The method of recovering data from a disk encrypted with NotPetya using the Salsa20 algorithm



Attacks using encryption viruses have become a real trend of 2017. There were a lot of similar attacks, but the loudest of them were WannaCry and NotPetya (also known by many other names - Petya, Petya.A, ExPetr and others). Having mastered the experience of the previous epidemic, experts around the world promptly reacted to the new challenge and, in a matter of hours after the first computers were infected, they began to study instances of encrypted disks. Already on June 27, the first descriptions of methods of infection and distribution of NotPetya appeared, moreover, a vaccine against infection appeared .
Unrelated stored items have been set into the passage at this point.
(* Let $V$ be a finite dimensional normed vector space and $H\le O(V)$. Let $L_i:H\to\mathbb{R}$ be group-norms such that $d_i(u,v)=\inf_{a\in H}\sqrt{L_i(a)^2+\|au-v\|^2}$ converge uniformly on compact sets to a semi-metric $d_\infty$ on $V$. Then $$G=\{g\in O(V):\ d_\infty(u,gu)=0 \text{ for all } u\in V\}$$ is a closed subgroup of $O(V)$, and for $u,v\in V$, $d_\infty(u,v)=0$ if and only if $v=gu$ for some $g\in G$.
   Context: $O(V)$ is the group of norm-preserving linear maps of $V$. A group-norm on $H$ is $L:H\to\mathbb{R}$ with $L(a)\ge0$, $L(a)=0$ iff $a=e$, $L(a^{-1})=L(a)$, $L(ab)\le L(a)+L(b)$. $G$ is called the wane group. *)

theory Defs
  imports "HOL-Analysis.Analysis"
begin

definition orth :: "('a::real_normed_vector \<Rightarrow> 'a) set" where
  "orth = {f. linear f \<and> (\<forall>x. norm (f x) = norm x)}"

definition subgroup_orth :: "('a::real_normed_vector \<Rightarrow> 'a) set \<Rightarrow> bool" where
  "subgroup_orth H \<longleftrightarrow> H \<subseteq> orth \<and> id \<in> H \<and>
     (\<forall>a\<in>H. \<forall>b\<in>H. a \<circ> b \<in> H) \<and> (\<forall>a\<in>H. inv a \<in> H)"

definition group_norm :: "('a \<Rightarrow> 'a) set \<Rightarrow> (('a \<Rightarrow> 'a) \<Rightarrow> real) \<Rightarrow> bool" where
  "group_norm H L \<longleftrightarrow>
     (\<forall>a\<in>H. L a \<ge> 0) \<and> (\<forall>a\<in>H. L a = 0 \<longleftrightarrow> a = id) \<and>
     (\<forall>a\<in>H. L (inv a) = L a) \<and> (\<forall>a\<in>H. \<forall>b\<in>H. L (a \<circ> b) \<le> L a + L b)"

definition dist_L :: "('a::real_normed_vector \<Rightarrow> 'a) set \<Rightarrow> (('a \<Rightarrow> 'a) \<Rightarrow> real) \<Rightarrow> 'a \<Rightarrow> 'a \<Rightarrow> real" where
  "dist_L H L u v = (INF a\<in>H. sqrt ((L a)\<^sup>2 + (norm (a u - v))\<^sup>2))"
When you run NotPetya, the AES algorithm encrypts user files with certain extensions, but the operating system continues to work. Limited time is allowed for encryption (the default is 1 hour). And if during this time the encryption process has time to complete, the README.TXT file with the ransom request will be placed in the root of the disk. Unfortunately, to recover files encrypted in this way requires knowledge of the RSA secret key (which, it seems, is offered to be bought on the Darknet for 100 bitcoins). If encryption was not completed, or it was interrupted, or there was no right to write to the disk root, the README.TXT file (containing the encrypted key) will not be created, and the AES-encrypted files will not be able to recover even if they receive the RSA secret key.
')
The following data recovery method is applicable in cases where the NotPetya virus had administrative privileges and encrypted the entire hard disk using the Salsa20 algorithm.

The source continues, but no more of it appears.